3. Clay — Email validation

Add ZeroBounce → Validate Email enrichment on {{Email}}.

Note: Uses Clay credits. Returns statuses like “Valid Email”, “Invalid”, sometimes “Catch-All”.

4. Clay — Lead fit formulas

* You can generate these with ChatGPT, specific to your company's spam patterns. Some examples below:

Lead Fit Status:

(   ["tutamail.com","tuta.io","riseup.net","gmali.com"]     .some(p => ({{Email Domain}}||"").toLowerCase().includes(p)) ||   [".xyz",".su",".cc",".info"]     .some(t => ({{Email Domain}}||"").toLowerCase().endsWith(t)) ) ? "Disqualified" : (({{Validate Email}}||"").toLowerCase() !== "valid email") ? "Disqualified" : "Qualified"

Disqualification Reason:

["tutamail.com","tuta.io","riseup.net","gmali.com"]   .some(p => ({{Email Domain}}||"").toLowerCase().includes(p)) ? "Spam/Invalid" : (({{Validate Email}}||"").toLowerCase() !== "valid email") ? "Invalid Email" : ""

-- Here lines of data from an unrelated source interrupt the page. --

lemma side_counts_fire:
  assumes E: "side_counts c" and L: "legal_firing t N c v S" and v: "0 \<le> v"
  shows "side_counts (fire t v S c)"
proof -
  have right: "chip_count N (fire t v S c) {x. 1 \<le> x} + (if v = 1 then 2 ^ t else 0)
      = chip_count N c {x. 1 \<le> x} + (if v = 0 then 2 ^ t else 0)"
    using chip_count_ge_fire[OF L, of 1] by auto
  have left: "chip_count N (fire t v S c) {x. x \<le> -1}
      = chip_count N c {x. x \<le> -1} + (if v = 0 then 2 ^ t else 0)"
    using chip_count_le_fire[OF L, of "-1"] v by auto
  show ?thesis
  proof (cases "\<forall>i<N. c i = 0")
    case True
    then have "v = 0" using legal_firing_at_0_if_all_zero[OF L] by simp
    then show ?thesis
      using right left chip_count_if_all_zero[OF True] unfolding side_counts_def by simp
  next
    case False
    note sides = side_counts_cases[OF E False]
    consider "v = 0" | "v = 1" | "2 \<le> v" using v by linarith
    then show ?thesis
    proof cases
      case 1
      then have "chip_count N c {x. 1 \<le> x} = 2 ^ t" "chip_count N c {x. x \<le> -1} = 2 ^ t"
        using origin_firing_empties_origin(2,3)[OF E] L False by auto
      then show ?thesis using right left \<open>v = 0\<close> unfolding side_counts_def by simp
    next
      case 2
      have "2 ^ t + 1 \<le> chip_count N c {1}"
        using legal_firing_chip_count[OF L] edges_ge_1[of t 1] \<open>v = 1\<close>
        unfolding right_edges_def by simp
      also have "\<dots> \<le> chip_count N c {x. 1 \<le> x}" by (rule chip_count_mono) auto
      finally have "chip_count N c {x. 1 \<le> x} = 2 * 2 ^ t" using sides(1) by auto
      then show ?thesis using right left sides(2) \<open>v = 1\<close> unfolding side_counts_def by simp
    next
      case 3
      then show ?thesis using right left sides unfolding side_counts_def by simp
    qed
  qed
qed

definition moment :: "(nat \<Rightarrow> int) \<Rightarrow> nat" where
  "moment c = (\<Sum>k<t + 2. 2 ^ min k t * chip_count N c {x. int k + 1 \<le> x})"

text \<open>Firing at a site \<open>1 \<le> v \<le> t + 1\<close> takes \<open>2 ^ (t + 1 - v)\<close> chips out of the tail \<open>x \<ge> v\<close>
  (weight \<open>2 ^ (v - 1)\<close>) and puts \<open>right_edges t v\<close> chips into the tail \<open>x \<ge> v + 1\<close>
  (weight \<open>2 ^ min v t\<close>), both worth \<open>2 ^ t\<close>: only firing at the origin changes the moment,
  and it raises the moments of both sides by \<open>2 ^ t\<close>.\<close>
definition balanced :: "(nat \<Rightarrow> int) \<Rightarrow> bool" where
  "balanced c \<longleftrightarrow> moment c = moment (mirror N c)"

lemma moment_fire:
  assumes L: "legal_firing t N c v S"
  shows "moment (fire t v S c)
      + (\<Sum>k<t + 2. 2 ^ min k t * (if v = int k + 1 then left_edges t v else 0))
    = moment c + (\<Sum>k<t + 2. 2 ^ min k t * (if v + 1 = int k + 1 then right_edges t v else 0))"
proof -
  have "2 ^ min k t * chip_count N (fire t v S c) {x. int k + 1 \<le> x}
      + 2 ^ min k t * (if v = int k + 1 then left_edges t v else 0)
    = 2 ^ min k t * chip_count N c {x. int k + 1 \<le> x}
      + 2 ^ min k t * (if v + 1 = int k + 1 then right_edges t v else 0)" for k
    unfolding distrib_left[symmetric] chip_count_ge_fire[OF L] ..
  then show ?thesis unfolding moment_def sum.distrib[symmetric] by (rule sum.cong[OF refl])
qed

lemma moment_fire_origin:
  assumes "legal_firing t N c 0 S"
  shows "moment (fire t 0 S c) = moment c + 2 ^ t"
proof -
  have "(\<Sum>k<t + 2. 2 ^ min k t * (if (0::int) + 1 = int k + 1 then right_edges t 0 else 0)) = 2 ^ t"
    by (subst sum_mult_if_unique[where a = 0]) auto
  then show ?thesis using moment_fire[OF assms] by simp
qed

lemma moment_fire_positive:
  assumes L: "legal_firing t N c v S" and v: "1 \<le> v" "v \<le> int t + 1"
  shows "moment (fire t v S c) = moment c"
proof -
  define j where "j = nat v"
  have j: "v = int j" "1 \<le> j" "j \<le> t + 1" using v unfolding j_def by auto
  have "(\<Sum>k<t + 2. 2 ^ min k t * (if v = int k + 1 then left_edges t v else 0))
      = 2 ^ (j - 1) * 2 ^ (t + 1 - j)"
    using j by (subst sum_mult_if_unique[where a = "j - 1"]) (auto simp: left_edges_of_nat)
  also have "\<dots> = 2 ^ t" using j by (simp flip: power_add)
  also have "\<dots> = (\<Sum>k<t + 2. 2 ^ min k t * (if v + 1 = int k + 1 then right_edges t v else 0))"
  proof (subst sum_mult_if_unique[where a = j])
    show "(2::nat) ^ t = (if j < t + 2 then 2 ^ min j t * right_edges t v else 0)"
    proof (cases "j \<le> t")
      case True
      then show ?thesis using j by (simp add: right_edges_of_nat flip: power_add)
    next
      case False
      then show ?thesis using j by (simp add: right_edges_def edges_beyond)
    qed
  qed (use j in auto)
  finally show ?thesis using moment_fire[OF L] by simp
qed

lemma moment_mirror:
  "moment (mirror N c) = (\<Sum>k<t + 2. 2 ^ min k t * chip_count N c {x. x \<le> - (int k + 1)})"
  unfolding moment_def by (simp add: chip_count_mirror_ge)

5. Clay → HubSpot write-back (close the loop)

Add Update Object → HubSpot enrichment.

Object: Contact

Identify by: HubSpot Contact Id

Map:

- Lead Fit Status (HubSpot property) ← {{Lead fit status}}

- Disqualification Reason (HubSpot property) ← {{Disqualification reason}}

6. Lifecycle stage disqualification and Slack notifications

In HubSpot, set Lifecycle Stage to Disqualified based on “Lead Fit Status.”

In your HubSpot → Slack workflow:

- Add a 3–5 min delay before the Slack step so Clay has time to validate and write back.

- Send alert to sales only if Lead Fit Status = "Qualified" (or based on Lifecycle Stage).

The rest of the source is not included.